In [1]:
import os
import streamlit as st
import pickle
import time
import langchain
from langchain import OpenAI
from langchain.chains import RetrievalQAWithSourcesChain
from langchain.chains.qa_with_sources.loading import load_qa_with_sources_chain
from langchain.document_loaders import UnstructuredURLLoader
from langchain.text_splitter import RecursiveCharacterTextSplitter
from langchain.embeddings import OpenAIEmbeddings
from langchain.vectorstores import FAISS

In [2]:
#load openAI api key
os.environ['OPENAI_API_KEY'] = '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'

In [3]:
# Initialise LLM with required params
llm = OpenAI(temperature=0.9, max_tokens=500, model='gpt-3.5-turbo-instruct' ) 

### (1) Load data

In [4]:
loaders = UnstructuredURLLoader(urls=
    ["https://www.muscleandfitness.com/features/feature-news/joey-swoll-hilariously-surprises-girl-as-she-films-herself-flexing/",
    "https://www.muscleandfitness.com/flexonline/flex-news/lessons-being-learned-on-bodybuildings-best-podcasts/"
])
data = loaders.load() 

In [5]:
type(data)

list

### (2) Split data to create chunks

In [6]:
text_splitter = RecursiveCharacterTextSplitter(
    chunk_size=1000,
    chunk_overlap=200,
    
)

# As data is of type documents we can directly use split_documents over split_text in order to get the chunks.
docs = text_splitter.split_documents(data)
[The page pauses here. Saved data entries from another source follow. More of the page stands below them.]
(* Let $\mathbb{X}$ be a reverse differential restriction category. For any parallel maps $f,g:A\to B$, if $f\le g$ then $R[f]\le R[g]$. Moreover, if $\mathbb{X}$ is a join restriction category, then for every pairwise compatible family $\{f_i\}$ of maps $A\to B$ we have $R[\bigvee_i f_i]=\bigvee_i R[f_i]$.
   Context: Composition is written in diagrammatic order: $fg$ means "first $f$, then $g$". A restriction category is a category with an operation sending each $f:A\to B$ to a map $\bar f:A\to A$ such that $\bar f f=f$, $\bar f\bar g=\bar g\bar f$ (for $f,g$ with common domain), $\overline{\bar f g}=\bar f\bar g$, and $f\bar g=\overline{fg}\,f$. A map $f$ is total if $\bar f=1$. For parallel maps: - $f\le g$ means $\bar f g=f$; - $f,g$ are compatible if $\bar f g=\bar g f$; - the join $\bigvee_i f_i$ of a family is its least upper bound for $\le$. A join restriction category is a restriction category in which every family of pairwise compatible parallel maps (including the empty family) has a join, and composition preserves joins on both sides: $h(\bigvee_i f_i)=\bigvee_i hf_i$ and $(\bigvee_i f_i)k=\bigvee_i f_ik$. The category has restriction products if: - there is an object $1$ with a total map $!_A:A\to 1$ for each $A$ such that every $f:A\to 1$ equals $\bar f\,!_A$; - for all $A,B$ there is an object $A\times B$ with total maps $\pi_0,\pi_1$ such that for all $f:C\to A$, $g:C\to B$ there is a unique $\langle f,g\rangle:C\to A\times B$ with $\langle f,g\rangle\pi_0=\bar g f$ and $\langle f,g\rangle\pi_1=\bar f g$. Write $f\times g=\langle \pi_0 f,\pi_1 g\rangle$. A Cartesian left additive restriction category is a restriction category with restriction products in which every hom-set is a commutative monoid $(+,0)$ such that: - $\overline{f+g}=\bar f\bar g$ and $\bar 0=1$; - $x(f+g)=xf+xg$ and $x0=\bar x 0$; - $(f+g)\pi_i=f\pi_i+g\pi_i$ and $0\pi_i=0$. Write $\iota_0=\langle 1,0\rangle:A\to A\times B$ and $\iota_1=\langle 0,1\rangle:B\to A\times B$. A reverse differential restriction category (RDRC) is a Cartesian left additive restriction category with an operation sending each $f:A\to B$ to $R[f]:A\times B\to A$ such that: - [RD.1] $R[f+g]=R[f]+R[g]$ and $R[0]=0$. - [RD.2] $\langle a,b+c\rangle R[f]=\langle a,b\rangle R[f]+\langle a,c\rangle R[f]$ and $\langle a,0\rangle R[f]=\overline{af}\,0$. - [RD.3] $R[\pi_j]=\pi_1\iota_j$. - [RD.4] $R[\langle f,g\rangle]=(1\times\pi_0)R[f]+(1\times\pi_1)R[g]$. - [RD.5] $R[fg]=\langle \pi_0,\langle\pi_0 f,\pi_1\rangle R[g]\rangle R[f]$. - [RD.6] $\langle 1\times\pi_0,\,0\times\pi_1\rangle(\iota_0\times 1)R[R[R[f]]]\pi_1=(1\times\pi_1)R[f]$. - [RD.7] With $g:=(\iota_0\times 1)R[R[f]]\pi_1$, one has $(\iota_0\times1)R[R[g]]\pi_1=\mathrm{ex}\,(\iota_0\times 1)R[R[g]]\pi_1$, where $\mathrm{ex}=\langle\pi_0\times\pi_0,\pi_1\times\pi_1\rangle$. - [RD.8] $\overline{R[f]}=\bar f\times 1$. - [RD.9] $R[\bar f]=(\bar f\times 1)\pi_1$. *)

theory Defs
  imports Main
begin

text \<open>A (large) category presented by a set of objects and a set of arrows over
  carrier types 'o and 'a, with composition written in diagrammatic order:
  Comp f g means "first f, then g".\<close>

record ('o, 'a) rdrc_data =
  Obj  :: "'o set"
  Arr  :: "'a set"
  Dom  :: "'a \<Rightarrow> 'o"
  Cod  :: "'a \<Rightarrow> 'o"
  Id   :: "'o \<Rightarrow> 'a"
  Comp :: "'a \<Rightarrow> 'a \<Rightarrow> 'a"
  Rst  :: "'a \<Rightarrow> 'a"
  Term :: "'o"
  Bang :: "'o \<Rightarrow> 'a"
  Prod :: "'o \<Rightarrow> 'o \<Rightarrow> 'o"
  Pi0  :: "'o \<Rightarrow> 'o \<Rightarrow> 'a"
  Pi1  :: "'o \<Rightarrow> 'o \<Rightarrow> 'a"
  Pair :: "'a \<Rightarrow> 'a \<Rightarrow> 'a"
  Add  :: "'a \<Rightarrow> 'a \<Rightarrow> 'a"
  Zero :: "'o \<Rightarrow> 'o \<Rightarrow> 'a"
  Rev  :: "'a \<Rightarrow> 'a"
### (3) Create embeddings for these chunks and save them to FAISS index

In [10]:
# Create the embeddings of the chunks using openAIEmbeddings
embeddings = OpenAIEmbeddings()

# Pass the documents and embeddings inorder to create FAISS vector index
vectorindex_openai = FAISS.from_documents(docs, embeddings)

In [11]:
# vectorindex_openai.as_retriever()
vectorindex_openai

<langchain.vectorstores.faiss.FAISS at 0x7f5f18c8b910>

In [15]:
from sentence_transformers import SentenceTransformer

In [16]:
# Storing vector index create in local
file_path="vector_index.pkl"
with open(file_path, "wb") as f:
    pickle.dump(vectorindex_openai, f)

In [17]:
if os.path.exists(file_path):
    with open(file_path, "rb") as f:
        vectorIndex = pickle.load(f)

In [19]:
vectorIndex

<langchain.vectorstores.faiss.FAISS at 0x7fceb32c9d90>

### (4) Retrieve similar embeddings for a given question and call LLM to retrieve final answer

In [8]:
from langchain.embeddings.huggingface import HuggingFaceEmbeddings
embeddings = HuggingFaceEmbeddings(model_name="all-mpnet-base-v2")
db = FAISS.from_documents(docs, embeddings)


In [9]:
db

<langchain.vectorstores.faiss.FAISS at 0x7f5f3274fa30>

In [12]:
chain = RetrievalQAWithSourcesChain.from_llm(llm=llm, retriever=db.as_retriever())
chain



In [13]:
# query = "what is the price of Tiago iCNG?"
query = "what are these documents about?"

langchain.debug=True

chain({"question": query}, return_only_outputs=True)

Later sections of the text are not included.